------ Listed records

lemma poisson_pp_prob_empty:
  assumes "poisson_pp M \<eta>" "B \<in> sets lborel" "bounded B"
  shows "{\<omega>\<in>space M. \<eta> \<omega> \<inter> B = {}} \<in> sets M"
    and "measure M {\<omega>\<in>space M. \<eta> \<omega> \<inter> B = {}} = exp (- measure lborel B)"
proof -
  have count: "(\<lambda>\<omega>. card (\<eta> \<omega> \<inter> B)) \<in> measurable M (count_space UNIV)"
    and prob0: "measure M {\<omega>\<in>space M. card (\<eta> \<omega> \<inter> B) = 0} = exp (- measure lborel B)"
    using assms unfolding poisson_pp_def by (fastforce+)
  have "{\<omega>\<in>space M. \<eta> \<omega> \<inter> B = {}} = {\<omega>\<in>space M. card (\<eta> \<omega> \<inter> B) = 0}"
    using assms(1,3) by (auto simp: poisson_pp_def)
  moreover have "{\<omega>\<in>space M. card (\<eta> \<omega> \<inter> B) = 0} = (\<lambda>\<omega>. card (\<eta> \<omega> \<inter> B)) -` {0} \<inter> space M"
    by auto
  ultimately show "{\<omega>\<in>space M. \<eta> \<omega> \<inter> B = {}} \<in> sets M"
    and "measure M {\<omega>\<in>space M. \<eta> \<omega> \<inter> B = {}} = exp (- measure lborel B)"
    using measurable_sets[OF count, of "{0}"] prob0 by simp_all
qed

lemma poisson_pp_hole_in_rectangle:
  assumes pp: "poisson_pp M \<eta>" and "s > 0" "w \<ge> 0" "h \<ge> 0"
  shows "\<exists>A\<in>sets M. {\<omega>\<in>space M. \<exists>z\<in>{a..a + w} \<times> {b..b + h}. \<forall>p\<in>\<eta> \<omega>. dist z p > 2 * s} \<subseteq> A
           \<and> measure M A \<le> (w / s + 1) * (h / s + 1) * exp (- s\<^sup>2)"
proof -
  interpret prob_space M using pp by (simp add: poisson_pp_def)
  define I where "I = {..<nat \<lfloor>w / s\<rfloor> + 1} \<times> {..<nat \<lfloor>h / s\<rfloor> + 1}"
  define Q where "Q = (\<lambda>(i, j). {a + real i * s..a + real i * s + s} \<times> {b + real j * s..b + real j * s + s})"
  define E where "E = (\<lambda>ij. {\<omega>\<in>space M. \<eta> \<omega> \<inter> Q ij = {}})"
  have Q: "Q ij \<in> sets lborel" "bounded (Q ij)" for ij
    by (auto simp: Q_def split: prod.splits intro!: bounded_Times borel_closed closed_Times)
  have E: "E ij \<in> events" "prob (E ij) = exp (- s\<^sup>2)" for ij
    using poisson_pp_prob_empty[OF pp Q] measure_lborel_square \<open>s > 0\<close>
    by (auto simp: E_def Q_def split: prod.splits)
  have "{\<omega>\<in>space M. \<exists>z\<in>{a..a + w} \<times> {b..b + h}. \<forall>p\<in>\<eta> \<omega>. dist z p > 2 * s} \<subseteq> (\<Union>ij\<in>I. E ij)"
  proof
    fix \<omega> assume "\<omega> \<in> {\<omega>\<in>space M. \<exists>z\<in>{a..a + w} \<times> {b..b + h}. \<forall>p\<in>\<eta> \<omega>. dist z p > 2 * s}"
    then obtain x y where \<omega>: "\<omega> \<in> space M" and "(x, y) \<in> {a..a + w} \<times> {b..b + h}"
      and far: "\<forall>p\<in>\<eta> \<omega>. dist (x, y) p > 2 * s"
      by blast
    obtain i where "i < nat \<lfloor>w / s\<rfloor> + 1" "x \<in> {a + real i * s..a + real i * s + s}"
      using interval_covered_by_grid \<open>s > 0\<close> \<open>(x, y) \<in> _\<close> by blast
    moreover obtain j where "j < nat \<lfloor>h / s\<rfloor> + 1" "y \<in> {b + real j * s..b + real j * s + s}"
      using interval_covered_by_grid \<open>s > 0\<close> \<open>(x, y) \<in> _\<close> by blast
    ultimately have ij: "(i, j) \<in> I" and "(x, y) \<in> Q (i, j)" by (simp_all add: I_def Q_def)
    then have "\<eta> \<omega> \<inter> Q (i, j) = {}"
      using far dist_le_in_square by (fastforce simp: Q_def)
    with \<omega> ij show "\<omega> \<in> (\<Union>ij\<in>I. E ij)" by (auto simp: E_def)
  qed
  moreover have "prob (\<Union>ij\<in>I. E ij) \<le> (w / s + 1) * (h / s + 1) * exp (- s\<^sup>2)"
  proof -
    have "prob (\<Union>ij\<in>I. E ij) \<le> (\<Sum>ij\<in>I. prob (E ij))"
      using E by (intro finite_measure_subadditive_finite) (auto simp: I_def)
    also have "\<dots> = real (nat \<lfloor>w / s\<rfloor> + 1) * real (nat \<lfloor>h / s\<rfloor> + 1) * exp (- s\<^sup>2)"
      by (simp add: E I_def card_cartesian_product distrib_left distrib_right)
    also have "\<dots> \<le> (w / s + 1) * (h / s + 1) * exp (- s\<^sup>2)"
      using assms by (intro mult_right_mono mult_mono) (auto simp: of_nat_nat)
    finally show ?thesis .
  qed
  moreover have "(\<Union>ij\<in>I. E ij) \<in> events" using E by (auto simp: I_def)
  ultimately show ?thesis by blast
qed

lemma poisson_pp_voronoi_tilings_differ:
  assumes pp: "poisson_pp M \<eta>" and "s > 0" "2 * s < a" "w \<ge> 0" "h \<ge> 0"
  shows "\<exists>A\<in>sets M. {\<omega>\<in>space M. voronoi_tiling UNIV (\<eta> \<omega>) ({a..a + w} \<times> {b..b + h})
             \<noteq> voronoi_tiling halfplane (halfplane \<inter> \<eta> \<omega>) ({a..a + w} \<times> {b..b + h})} \<subseteq> A
           \<and> measure M A \<le> (w / s + 1) * (h / s + 1) * exp (- s\<^sup>2)"
proof -
  define R where "R = {a..a + w} \<times> {b..b + h}"
  have "{\<omega>\<in>space M. voronoi_tiling UNIV (\<eta> \<omega>) R \<noteq> voronoi_tiling halfplane (halfplane \<inter> \<eta> \<omega>) R}
      \<subseteq> {\<omega>\<in>space M. \<exists>z\<in>R. \<forall>p\<in>\<eta> \<omega>. dist z p > 2 * s}"
  proof
    fix \<omega> assume "\<omega> \<in> {\<omega>\<in>space M. voronoi_tiling UNIV (\<eta> \<omega>) R
                        \<noteq> voronoi_tiling halfplane (halfplane \<inter> \<eta> \<omega>) R}"
    then have \<omega>: "\<omega> \<in> space M"
      and differ: "voronoi_tiling UNIV (\<eta> \<omega>) R \<noteq> voronoi_tiling halfplane (halfplane \<inter> \<eta> \<omega>) R"
      by auto
    have "\<And>z. z \<in> R \<Longrightarrow> fst z \<ge> a" by (auto simp: R_def)
    then obtain z where "z \<in> R" and "\<forall>p\<in>\<eta> \<omega>. dist z p \<ge> a"
      using differ by (rule voronoi_tilings_differ_imp_far_point)
    with \<open>2 * s < a\<close> have "z \<in> R" "\<forall>p\<in>\<eta> \<omega>. dist z p > 2 * s" by auto
    with \<omega> show "\<omega> \<in> {\<omega>\<in>space M. \<exists>z\<in>R. \<forall>p\<in>\<eta> \<omega>. dist z p > 2 * s}" by blast
  qed
  moreover obtain A where "A \<in> sets M" "{\<omega>\<in>space M. \<exists>z\<in>R. \<forall>p\<in>\<eta> \<omega>. dist z p > 2 * s} \<subseteq> A"
    "measure M A \<le> (w / s + 1) * (h / s + 1) * exp (- s\<^sup>2)"
    using poisson_pp_hole_in_rectangle[OF assms(1,2,4,5), of a b] unfolding R_def by blast
  ultimately show ?thesis unfolding R_def by (meson subset_trans)
qed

------------

_Problem details_. Filter the records for lines holding the string "open". Copy each one.

_Answer for the task_.
    using poisson_pp_prob_empty[OF pp Q] measure_lborel_square \<open>s > 0\<close>
      using interval_covered_by_grid \<open>s > 0\<close> \<open>(x, y) \<in> _\<close> by blast
      using interval_covered_by_grid \<open>s > 0\<close> \<open>(x, y) \<in> _\<close> by blast
    with \<open>2 * s < a\<close> have "z \<in> R" "\<forall>p\<in>\<eta> \<omega>. dist z p > 2 * s" by auto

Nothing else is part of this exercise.